# Basic lawn care help, WEEDs



## bob22 (May 28, 2008)

You have clover (both of them are the same plant). I think any weed and feed product will kill it but check the bag. Might try <link removed> and enter your pest plant and get a recommended product.


----------



## Shamus (Apr 27, 2008)

A hundred years ago clover was the prefered lawn. There wasn't a grass available to plant and clover was a short green best choice.

Try your local supply store. I use either Ortho Weed-B-Gone or Spectracide Weed Stop. Both are 2-4D based broadleaf herbicides. If you get the clover young then one treatment should work. If it's been growing a while you might have to hit it a second time.

To keep grass growing and the weed population in check use a hose-end sprayer early in the spring and then two or more times through the year. Just follow the directions for application in your area of the country.

If your after a "Country Club" lawn it's going to take some maintenance all year long. End result is worth it if your willing to spend the time.


----------



## FieldersChoice (Jul 18, 2008)

*Stay away from Weed and Feed*

The concept of Weed and Feed has always been one of the most ridiculous ideas for those that are serious about their lawns. How can you weed feed the grass but not feed the weeds at the same time that you are trying to kill them. Bottom line: Weed and Feed does not work like spraying a straight up herbicide as mentioned in the previous post. You could get it from Lowes but if there is a turf store (store that specializes in grass) near you, they will have something that is cheaper and more concenrated than what you can buy at Lowe's or Wal-mart. They can usually give you something that is specially made to kill the type of weeds that you have along with other helpful advice.


----------



## SuperAkuma (Jul 29, 2008)

Thanks for the tip everyone. I went to lowes the other day and didn't really get any help. I'll check out what I can do from a specialist. I'll see how much there stuff will cost. I checked out Scott's web page and they recommended this thing for $50 a bag. If the stuff they offer from the specilist, is too expensive, I'll have to go with what Scott has to offer.


----------



## downunder (Jun 13, 2008)

Yes, you have clover. Identification is the first step of control. Any broadleaf weed killer, along with perserverance, will get rid of it.

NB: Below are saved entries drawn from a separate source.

(* When CTS is run on a CMAB-PTA instance (as in the context), for every $i\in[m]$, every $\bm\mu\in[0,1]^m$ and every $\rho\in(0,1)$, \[ \mathbb{E}\Big[\sum_{t=1}^T\mathbb{I}\{i\in\tilde S(t),\ N_i(t)\le(1-\rho)p_iM_i(t)\}\ \Big|\ \bm\mu\Big]\le 1+\frac{2}{\rho^2p^*}. \]
   Context: CMAB-PTA setting: there are $m$ base arms $[m]$ and a known family $\mathcal{I}\subseteq 2^{[m]}$ of feasible super arms. In each round $t$, the environment draws $\bm X(t)\in[0,1]^m$ from an unknown distribution $D=D_1\times\cdots\times D_m$ independently across rounds, with mean vector $\bm\mu$. The learner selects $S(t)\in\mathcal{I}$; the triggered set $S'(t)\supseteq S(t)$ is drawn as $S'(t)\sim D^{\mathrm{trig}}(S(t),\bm X(t))$; the learner observes $\{(i,X_i(t)):i\in S'(t)\}$. $p_i^S$ is the probability that arm $i$ is triggered when $S$ is selected; $\tilde S=\{i:p_i^S>0\}$; $\tilde S(t)$ denotes the triggering set of $S(t)$; $p_i=\min_{S\in\mathcal{I}:i\in\tilde S}p_i^S$, $p^*=\min_i p_i>0$. Counters: $M_i(t)=\sum_{\tau=1}^{t-1}\mathbb{I}\{i\in\tilde S(\tau)\}$, $N_i(t)=\sum_{\tau=1}^{t-1}\mathbb{I}\{i\in S'(\tau)\}$. CTS: with an exact oracle returning $\mathrm{Oracle}(\bm\theta)\in\arg\max_{S\in\mathcal{I}}r(S,\bm\theta)$, where $r(S,\bm\mu)$ is the expected reward of $S$; initialize $a_i=b_i=1$; each round draw $\theta_i(t)\sim\mathrm{Beta}(a_i,b_i)$ independently, select $S(t)=\mathrm{Oracle}(\bm\theta(t))$, and for each observed $(i,X_i)$ draw $Y_i\sim\mathrm{Bernoulli}(X_i)$ and update $a_i\leftarrow a_i+Y_i$, $b_i\leftarrow b_i+1-Y_i$. *)

theory Defs
  imports "HOL-Probability.Probability"
begin

text \<open>Arms are 0..<m. A round record is (S, S', Y) where S is the selected super arm,
  S' the triggered set and Y the set of observed arms whose Bernoulli draw Y_i was 1.\<close>

type_synonym rnd = "nat set \<times> nat set \<times> nat set"

definition beta_pdf :: "nat \<Rightarrow> nat \<Rightarrow> real \<Rightarrow> real" where
  "beta_pdf a b x = (if 0 < x \<and> x < 1
     then fact (a + b - 1) / (fact (a - 1) * fact (b - 1)) * x ^ (a - 1) * (1 - x) ^ (b - 1)
     else 0)"

definition beta_measure :: "nat \<Rightarrow> nat \<Rightarrow> real measure" where
  "beta_measure a b = density lborel (\<lambda>x. ennreal (beta_pdf a b x))"

text \<open>Beta posterior parameters a_i, b_i after history h (oldest round first).\<close>
definition cts_a :: "rnd list \<Rightarrow> nat \<Rightarrow> nat" where
  "cts_a h i = Suc (length (filter (\<lambda>(S, S', Y). i \<in> S' \<and> i \<in> Y) h))"

definition cts_b :: "rnd list \<Rightarrow> nat \<Rightarrow> nat" where
  "cts_b h i = Suc (length (filter (\<lambda>(S, S', Y). i \<in> S' \<and> i \<notin> Y) h))"

definition obs_pmf :: "(nat set \<Rightarrow> (nat \<Rightarrow> real) \<Rightarrow> nat set pmf) \<Rightarrow> nat set \<Rightarrow> (nat \<Rightarrow> real)
    \<Rightarrow> (nat set \<times> nat set) pmf" where
  "obs_pmf Dtrig S X = bind_pmf (Dtrig S X)
     (\<lambda>S'. map_pmf (\<lambda>Yf. (S', {j. Yf j})) (Pi_pmf S' False (\<lambda>j. bernoulli_pmf (X j))))"

definition cts_round :: "nat \<Rightarrow> (nat \<Rightarrow> real measure) \<Rightarrow> (nat set \<Rightarrow> (nat \<Rightarrow> real) \<Rightarrow> nat set pmf)
    \<Rightarrow> ((nat \<Rightarrow> real) \<Rightarrow> nat set) \<Rightarrow> rnd list \<Rightarrow> rnd measure" where
  "cts_round m D Dtrig Oracle h =
     bind (PiM {..<m} (\<lambda>j. beta_measure (cts_a h j) (cts_b h j))) (\<lambda>\<theta>.
       bind (PiM {..<m} D) (\<lambda>X.
         measure_pmf (map_pmf (\<lambda>(S', Y). (Oracle \<theta>, S', Y)) (obs_pmf Dtrig (Oracle \<theta>) X))))"

primrec cts_traj :: "nat \<Rightarrow> (nat \<Rightarrow> real measure) \<Rightarrow> (nat set \<Rightarrow> (nat \<Rightarrow> real) \<Rightarrow> nat set pmf)
    \<Rightarrow> ((nat \<Rightarrow> real) \<Rightarrow> nat set) \<Rightarrow> nat \<Rightarrow> rnd list measure" where
  "cts_traj m D Dtrig Oracle 0 = return (count_space UNIV) []"
| "cts_traj m D Dtrig Oracle (Suc n) =
     bind (cts_traj m D Dtrig Oracle n)
       (\<lambda>h. distr (cts_round m D Dtrig Oracle h) (count_space UNIV) (\<lambda>r. h @ [r]))"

> The concept of Weed and Feed has always been one of the most ridiculous ideas for those that are serious about their lawns. How can you weed feed the grass but not feed the weeds at the same time that you are trying to kill them.

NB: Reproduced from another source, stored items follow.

(* Let $n\ge 2$. For a partition $\lambda$ of $n$, let $u_\lambda$ be the number of unrooted binary trees with leaf set $[n]$ fixed by the relabeling action of a permutation $\sigma\in\mathfrak{S}_n$ of cycle type $\lambda$ (equivalently, $u_\lambda$ is the coefficient of $p_\lambda/z_\lambda$ in $Z_U=h_3[Z_R]+p_1Z_R+Z_R-Z_R^2-p_1$), let $\lambda^2$ be the cycle type of $\sigma^2$, and let $z_\lambda=\prod_{i\ge1}i^{m_i}m_i!$ where $m_i$ is the number of parts of $\lambda$ equal to $i$. Then the number of unlabeled unrooted tanglegrams with $n$ leaves is $\sum_{\lambda\vdash n} u_\lambda^2/z_\lambda$, and the number of unlabeled unrooted unordered tanglegrams with $n$ leaves is \[ \frac12\sum_{\lambda\vdash n}\frac{u_\lambda^2}{z_\lambda}+\frac12\sum_{\lambda\vdash n}\frac{u_{\lambda^2}}{z_\lambda}. \]
   Context: An unrooted binary tree with leaf set $A$ is a tree in which every vertex has degree one or three, whose leaves (degree-one vertices) are labeled bijectively by $A$ and whose degree-three vertices are unlabeled; the one-vertex tree is excluded; trees are considered up to label-preserving isomorphism. A (rooted) binary tree with leaf set $A$ is a rooted tree in which every vertex has zero or two unordered children, with leaves labeled bijectively by $A$ and internal vertices unlabeled (the single labeled vertex counts). $\mathfrak{S}_n$ acts on trees with leaf set $[n]$ by relabeling leaves. An unrooted tanglegram with leaf set $[n]$ is an ordered pair of unrooted binary trees with leaf set $[n]$; an unrooted unordered tanglegram is an unordered pair (multiset of size two) of such trees. $\mathfrak{S}_n$ acts on both by relabeling the two trees simultaneously, and the unlabeled objects with $n$ leaves are the orbits. Cycle index of a species $F$: $Z_F=\sum_{n\ge0}\frac1{n!}\sum_{\sigma\in\mathfrak{S}_n}\mathrm{fix}\,F[\sigma]\,p_\sigma$ with $p_\sigma=\prod_i p_i^{\sigma_i}$, $\sigma_i$ the number of $i$-cycles; $Z_R$, $Z_U$ are the cycle indices of rooted and unrooted binary trees; $h_3=\tfrac16(p_1^3+3p_1p_2+2p_3)$; plethysm $f[g]$ replaces each $p_i$ in $f$ by $g(p_i,p_{2i},\dots)$. *)

theory Defs
  imports Complex_Main "HOL-Combinatorics.Permutations" "HOL-Library.Multiset"
begin

text \<open>Leaf labelled i (for i in {1..n}) is the vertex named i; internal vertices are
  vertices with names outside {1..n} (unlabelled: only relevant up to isomorphism).\<close>

type_synonym graph = "nat set \<times> nat set set"

definition deg :: "graph \<Rightarrow> nat \<Rightarrow> nat" where
  "deg G v = card {e \<in> snd G. v \<in> e}"

definition connected_graph :: "graph \<Rightarrow> bool" where
  "connected_graph G = (\<forall>u\<in>fst G. \<forall>v\<in>fst G. (u, v) \<in> {(x, y). {x, y} \<in> snd G}\<^sup>*)"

As a Georgia Certified Landscape Professional and Commercial Pesticide Applicator, I would disagree somewhat. Sometimes you need to weed, sometimes you need to feed. Sometimes you need both. Feeding the weeds is not a problem any more than "feeding" ants, roaches, etc. with insecticide baits. If someone knows of a label or .edu source to the contrary, I will certainly change my position. There are other parameters with granular vs EC formulations but that is for another day. I always use the concentrate products that you mix with water.

Continuing with the question at hand, you will notice that the product labels will caution not to apply when plants are stressed, as in a drought situation. My preference is to irrigate well first, or after a good rain. Then apply when you have a nice sunny day after the rain. In other words, when the plants are actively growing. This is where a little fertilizer on the grass doesn't hurt the weed killing process. Just makes them "hungry." Most will instruct to "apply when weeds are actively growing." Note here- read the label for temperature restrictions!

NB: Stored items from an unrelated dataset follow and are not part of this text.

(* If $X$ is a finite quasi-metric space, then \[ |X|_{\mathbb{Q}(q^\mathbb{R})} = \sum_{n=0}^\infty (-1)^n \,\mathrm{rk}\, \mathit{HM}_n(X)\] in $\mathbb{Q}(\!(q^\mathbb{R})\!)$, the infinite sum converging in the topology of $\mathbb{Q}(\!(q^\mathbb{R})\!)$.
   Context: A quasi-metric space is a skeletal $[0,\infty)$-enriched category ($d(x,x)=0$, triangle inequality, $d(x,y)>0$ for $x\ne y$, not necessarily symmetric). $\mathbb{Q}(q^\mathbb{R})$ is the field of generalized rational functions (fractions of finite sums $\sum a_i q^{\ell_i}$, $a_i\in\mathbb{Q}$, $\ell_i\in\mathbb{R}$), embedded in the field $\mathbb{Q}(\!(q^\mathbb{R})\!)$ of Hahn series (formal $\sum_\ell a_\ell q^\ell$ with well-ordered support), which carries the valuation topology (a series converges iff the smallest exponents of its terms tend to $\infty$). The magnitude $|X|_{\mathbb{Q}(q^\mathbb{R})}$ is the sum of all entries of the inverse of the matrix $Z_X(x,y)=q^{d(x,y)}$ (which is invertible over $\mathbb{Q}(q^\mathbb{R})$ for finite quasi-metric spaces). Magnitude homology: $\mathit{HM}_n(X)=\{\mathit{HM}^\ell_n(X)\}_{\ell\in\mathbb{R}}$, where $\mathit{HM}^\ell_n(X)$ is the degree-$n$ homology of the chain complex whose $n$-chains in grading $\ell$ are freely generated by tuples $(x_0,\dots,x_n)$ with $x_i\neq x_{i+1}$ and $d(x_0,x_1)+\cdots+d(x_{n-1},x_n)=\ell$, with boundary $\sum_i(-1)^i d^i$ where $d^i$ deletes $x_i$ if $d(x_{i-1},x_i)+d(x_i,x_{i+1})=d(x_{i-1},x_{i+1})$ (for interior $i$; endpoint deletions always change the distance) and is $0$ otherwise. Its rank $\mathrm{rk}\,\mathit{HM}_n(X)$ is the Hahn series $\sum_\ell \mathrm{rk}(\mathit{HM}^\ell_n(X))\,q^\ell$. *)

theory Defs
  imports "HOL-Analysis.Analysis" "HOL-Library.Function_Algebras"
begin

definition quasi_metric_space :: "'a set \<Rightarrow> ('a \<Rightarrow> 'a \<Rightarrow> real) \<Rightarrow> bool" where
  "quasi_metric_space X d \<longleftrightarrow>
     (\<forall>x\<in>X. d x x = 0) \<and>
     (\<forall>x\<in>X. \<forall>y\<in>X. \<forall>z\<in>X. d x z \<le> d x y + d y z) \<and>
     (\<forall>x\<in>X. \<forall>y\<in>X. x \<noteq> y \<longrightarrow> d x y > 0)"

text \<open>A Hahn series sum_l a_l q^l is represented by its coefficient function l |-> a_l;
  it must have well-ordered support.\<close>

definition hahn :: "(real \<Rightarrow> rat) \<Rightarrow> bool" where
  "hahn f \<longleftrightarrow> (\<forall>S. S \<subseteq> {l. f l \<noteq> 0} \<longrightarrow> S \<noteq> {} \<longrightarrow> (\<exists>m\<in>S. \<forall>s\<in>S. m \<le> s))"

definition qpow :: "real \<Rightarrow> (real \<Rightarrow> rat)" where
  "qpow a = (\<lambda>l. if l = a then 1 else 0)"

text \<open>Product of Hahn series (the index sets are finite for Hahn series).\<close>
definition hahn_mult :: "(real \<Rightarrow> rat) \<Rightarrow> (real \<Rightarrow> rat) \<Rightarrow> (real \<Rightarrow> rat)" where
  "hahn_mult f g = (\<lambda>l. \<Sum>a\<in>{a. f a \<noteq> 0 \<and> g (l - a) \<noteq> 0}. f a * g (l - a))"

text \<open>Convergence in the valuation topology: s_N -> S iff the valuation of S - s_N tends to
  infinity, i.e. for every bound L eventually s_N and S agree at all exponents below L.\<close>
definition hahn_tendsto :: "(nat \<Rightarrow> (real \<Rightarrow> rat)) \<Rightarrow> (real \<Rightarrow> rat) \<Rightarrow> bool" where
  "hahn_tendsto s S \<longleftrightarrow> (\<forall>L::real. \<exists>N0. \<forall>N\<ge>N0. \<forall>l<L. s N l = S l)"

definition similarity_matrix :: "('a \<Rightarrow> 'a \<Rightarrow> real) \<Rightarrow> 'a \<Rightarrow> 'a \<Rightarrow> (real \<Rightarrow> rat)" where
  "similarity_matrix d x y = qpow (d x y)"

definition is_inverse_of_Z :: "'a set \<Rightarrow> ('a \<Rightarrow> 'a \<Rightarrow> real) \<Rightarrow> ('a \<Rightarrow> 'a \<Rightarrow> (real \<Rightarrow> rat)) \<Rightarrow> bool" where
  "is_inverse_of_Z X d W \<longleftrightarrow>
     (\<forall>x\<in>X. \<forall>y\<in>X. hahn (W x y)) \<and>
     (\<forall>x\<in>X. \<forall>z\<in>X. (\<lambda>l. \<Sum>y\<in>X. hahn_mult (similarity_matrix d x y) (W y z) l)
                        = (if x = z then qpow 0 else (\<lambda>_. 0))) \<and>
     (\<forall>x\<in>X. \<forall>z\<in>X. (\<lambda>l. \<Sum>y\<in>X. hahn_mult (W x y) (similarity_matrix d y z) l)
                        = (if x = z then qpow 0 else (\<lambda>_. 0)))"

definition magnitude :: "'a set \<Rightarrow> ('a \<Rightarrow> 'a \<Rightarrow> real) \<Rightarrow> (real \<Rightarrow> rat)" where
  "magnitude X d = (THE m. \<exists>W. is_inverse_of_Z X d W \<and> m = (\<lambda>l. \<Sum>x\<in>X. \<Sum>y\<in>X. W x y l))"

definition mag_gens :: "'a set \<Rightarrow> ('a \<Rightarrow> 'a \<Rightarrow> real) \<Rightarrow> nat \<Rightarrow> real \<Rightarrow> 'a list set" where
  "mag_gens X d n l = {t. length t = Suc n \<and> set t \<subseteq> X \<and>
      (\<forall>i<n. t ! i \<noteq> t ! Suc i) \<and> (\<Sum>i<n. d (t ! i) (t ! Suc i)) = l}"

text \<open>Coefficient of the generator u in the boundary of the generator t (of degree n).
  Only interior deletions (1 <= i <= n-1) can contribute; endpoint faces are 0.\<close>
definition bd_coeff :: "('a \<Rightarrow> 'a \<Rightarrow> real) \<Rightarrow> nat \<Rightarrow> 'a list \<Rightarrow> 'a list \<Rightarrow> rat" where
  "bd_coeff d n t u = (\<Sum>i\<in>{1..n-1}.
      if d (t ! (i - 1)) (t ! i) + d (t ! i) (t ! Suc i) = d (t ! (i - 1)) (t ! Suc i)
         \<and> take i t @ drop (Suc i) t = u
      then (-1) ^ i else 0)"

definition mag_chains :: "'a set \<Rightarrow> ('a \<Rightarrow> 'a \<Rightarrow> real) \<Rightarrow> nat \<Rightarrow> real \<Rightarrow> ('a list \<Rightarrow> rat) set" where
  "mag_chains X d n l = {c. \<forall>t. c t \<noteq> 0 \<longrightarrow> t \<in> mag_gens X d n l}"

definition mag_boundary :: "'a set \<Rightarrow> ('a \<Rightarrow> 'a \<Rightarrow> real) \<Rightarrow> nat \<Rightarrow> real \<Rightarrow> ('a list \<Rightarrow> rat) \<Rightarrow> ('a list \<Rightarrow> rat)" where
  "mag_boundary X d n l c = (\<lambda>u. \<Sum>t\<in>mag_gens X d n l. c t * bd_coeff d n t u)"

definition mag_cycles :: "'a set \<Rightarrow> ('a \<Rightarrow> 'a \<Rightarrow> real) \<Rightarrow> nat \<Rightarrow> real \<Rightarrow> ('a list \<Rightarrow> rat) set" where
  "mag_cycles X d n l = {c \<in> mag_chains X d n l. mag_boundary X d n l c = (\<lambda>_. 0)}"

definition mag_boundaries :: "'a set \<Rightarrow> ('a \<Rightarrow> 'a \<Rightarrow> real) \<Rightarrow> nat \<Rightarrow> real \<Rightarrow> ('a list \<Rightarrow> rat) set" where
  "mag_boundaries X d n l = mag_boundary X d (Suc n) l ` mag_chains X d (Suc n) l"

definition rat_scale :: "rat \<Rightarrow> ('a list \<Rightarrow> rat) \<Rightarrow> ('a list \<Rightarrow> rat)" where
  "rat_scale r c = (\<lambda>t. r * c t)"

definition HM_rank :: "'a set \<Rightarrow> ('a \<Rightarrow> 'a \<Rightarrow> real) \<Rightarrow> nat \<Rightarrow> real \<Rightarrow> nat" where
  "HM_rank X d n l = vector_space.dim rat_scale (mag_cycles X d n l)
                     - vector_space.dim rat_scale (mag_boundaries X d n l)"

definition HM_rank_series :: "'a set \<Rightarrow> ('a \<Rightarrow> 'a \<Rightarrow> real) \<Rightarrow> nat \<Rightarrow> (real \<Rightarrow> rat)" where
  "HM_rank_series X d n = (\<lambda>l. of_nat (HM_rank X d n l))"

end

(*
  Fix a grading l.  A tuple of n + 1 points with consecutive points distinct has length at least
  n * delta, delta the least nonzero distance, so the magnitude chain complex in grading l is a
  bounded complex of finite-dimensional rational vector spaces, and the alternating sum of its
  homology ranks is the alternating count of its generators.  Write Z = I + (Z - I): the (x, z)
  entry of (Z - I)^n, read at q^l, counts the generators of degree n and length l running from
  x to z, so the alternating sums W = sum_n (-1)^n (Z - I)^n are finite in each grading and
  telescope to a two-sided inverse of Z.  As every off-diagonal entry of Z - I has valuation at
  least delta > 0, the inverse of Z among Hahn series is unique, so the magnitude is the sum of
  the entries of W, which in grading l is the alternating count of all generators.
*)

theory Submission
  imports Defs
begin

section \<open>Rank--nullity for finitely spanned subspaces\<close>

context vector_space begin

lemma independent_span_Diff_Int_span:
  assumes "independent B" "finite B" "K \<subseteq> B"
  shows "span (B - K) \<inter> span K = {0}"
proof (intro equalityI subsetI)
  fix x assume x: "x \<in> span (B - K) \<inter> span K"
  have "finite K" using assms(2,3) finite_subset by blast
  then have "x \<in> range (\<lambda>u. \<Sum>v\<in>B - K. u v *s v)" "x \<in> range (\<lambda>w. \<Sum>v\<in>K. w v *s v)"
    using x span_finite[of "B - K"] span_finite[of K] assms(2) by auto
  then obtain u w where u: "x = (\<Sum>v\<in>B - K. u v *s v)" and w: "x = (\<Sum>v\<in>K. w v *s v)"
    by blast
  define g where "g v = (if v \<in> K then - w v else u v)" for v
  have "(\<Sum>v\<in>B. g v *s v) = (\<Sum>v\<in>B - K. g v *s v) + (\<Sum>v\<in>K. g v *s v)"
    using sum.subset_diff[OF assms(3,2)] by simp
  also have "(\<Sum>v\<in>B - K. g v *s v) = x" unfolding u g_def by (rule sum.cong) auto
  also have "(\<Sum>v\<in>K. g v *s v) = - x" unfolding w g_def by (simp add: sum_negf)
  finally have "(\<Sum>v\<in>B. g v *s v) = 0" by simp
  then have "\<forall>v\<in>B. g v = 0"
    using assms(1,2) independent_explicit_finite_subsets by blast
  then have "\<forall>v\<in>B - K. u v = 0" unfolding g_def by auto
  then show "x \<in> {0}" unfolding u by simp
qed (simp add: span_zero)

lemma dim_kernel_plus_dim_image:
  assumes f: "module_hom scale scale f" and C: "subspace C" "C \<subseteq> span G" and "finite G"
  shows "dim C = dim {c\<in>C. f c = 0} + dim (f ` C)"
proof -
  interpret f: module_hom scale scale f by (rule f)
  let ?V = "{c\<in>C. f c = 0}"
  obtain K where K: "K \<subseteq> ?V" "independent K" "?V \<subseteq> span K" "card K = dim ?V"
    using basis_exists by blast
  obtain B where B: "K \<subseteq> B" "B \<subseteq> C" "independent B" "C \<subseteq> span B"
    using maximal_independent_subset_extend[of K C] K by auto
  have "finite B" using independent_span_bound[OF \<open>finite G\<close> B(3)] B C by auto
  let ?R = "B - K"
  have "inj_on f (span ?R)"
  proof (subst f.inj_on_iff_eq_0[OF subspace_span], intro ballI impI)
    fix x assume "x \<in> span ?R" "f x = 0"
    moreover from this have "x \<in> span K"
      using K(3) B(2) C(1) span_minimal[of ?R C] by blast
    ultimately show "x = 0"
      using independent_span_Diff_Int_span[OF B(3) \<open>finite B\<close> B(1)] by blast
  qed
  then have indep: "independent (f ` ?R)" and card: "card (f ` ?R) = card ?R"
    using f.independent_injective_image[of ?R] independent_mono[OF B(3)]
      card_image[OF inj_on_subset[OF _ span_superset]] by auto
  have "f ` C \<subseteq> span (f ` B)" using B(4) f.span_image[of B] by auto
  also have "span (f ` B) \<subseteq> span (f ` ?R)"
    using K(1) span_mono[of "f ` B" "insert 0 (f ` ?R)"] span_insert_0 by force
  finally have "card (f ` ?R) = dim (f ` C)"
    using basis_card_eq_dim[of "f ` ?R" "f ` C"] B(2) indep by blast
  moreover have "card B = dim C" using basis_card_eq_dim[OF B(2,4,3)] .
  moreover have "card B = card K + card ?R"
    using card_Diff_subset[OF finite_subset[OF B(1) \<open>finite B\<close>] B(1)] card_mono[OF \<open>finite B\<close> B(1)]
    by simp
  ultimately show ?thesis using K(4) card by simp
qed

lemma dim_subset_finitely_spanned:
  assumes "S \<subseteq> T" "T \<subseteq> span G" "finite G"
  shows "dim S \<le> dim T"
proof -
  obtain K where K: "K \<subseteq> T" "independent K" "T \<subseteq> span K" "card K = dim T"
    using basis_exists by blast
  have "finite K" using independent_span_bound[OF assms(3) K(2)] K(1) assms(2) by auto
  then show ?thesis using dim_le_card[of S K] K assms(1) by auto
qed

end


fun path_length :: "('a \<Rightarrow> 'a \<Rightarrow> real) \<Rightarrow> 'a list \<Rightarrow> real" where
  "path_length d (x # y # t) = d x y + path_length d (y # t)"
| "path_length d _ = 0"

lemma path_length_conv_nth: "path_length d t = (\<Sum>i<length t - 1. d (t ! i) (t ! Suc i))"
  by (induction d t rule: path_length.induct) (simp_all add: sum.lessThan_Suc_shift del: sum.lessThan_Suc)

lemma path_length_append:
  "path_length d (a @ p # t) = path_length d (a @ [p]) + path_length d (p # t)"
  by (induction a rule: induct_list012) auto

definition remove_nth :: "nat \<Rightarrow> 'a list \<Rightarrow> 'a list" where
  "remove_nth i t = take i t @ drop (Suc i) t"

lemma length_remove_nth: "i < length t \<Longrightarrow> length (remove_nth i t) = length t - 1"
  unfolding remove_nth_def by simp

lemma set_remove_nth_subset: "set (remove_nth i t) \<subseteq> set t"
  unfolding remove_nth_def by (auto dest: in_set_takeD in_set_dropD)

lemma remove_nth_remove_nth:
  assumes "i < j" "j < length t"
  shows "remove_nth (j - 1) (remove_nth i t) = remove_nth i (remove_nth j t)"
proof -
  let ?r = "drop (Suc i) t"
  have "t = take i t @ t ! i # ?r" using assms by (simp add: id_take_nth_drop)
  also have "?r = take (j - Suc i) ?r @ ?r ! (j - Suc i) # drop (Suc (j - Suc i)) ?r"
    by (rule id_take_nth_drop) (use assms in simp)
  finally obtain a x b y c where t: "t = a @ x # b @ y # c" and "length a = i" "length b = j - Suc i"
    using assms by fastforce
  then have "j = length a + Suc (length b)" using assms by simp
  then show ?thesis using \<open>length a = i\<close> unfolding t remove_nth_def by simp
qed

If using a hose-end sprayer, be careful not to get on adjacent plants that I see in your photo. Your lawn looks fairly small. I would get a $10 pump up 2 or 3 gallon sprayer. Much better control and won't take any longer than dragging the hose out and hooking it up, and putting everything back. Well, maybe ten minutes.

Do you have a local garden center? Not the garden and patio department at your local X-Mart but a feed and seed, Southern States, etc. Try asking at your county extension service. If anyone knows, they will be able to recommend someone locally.


----------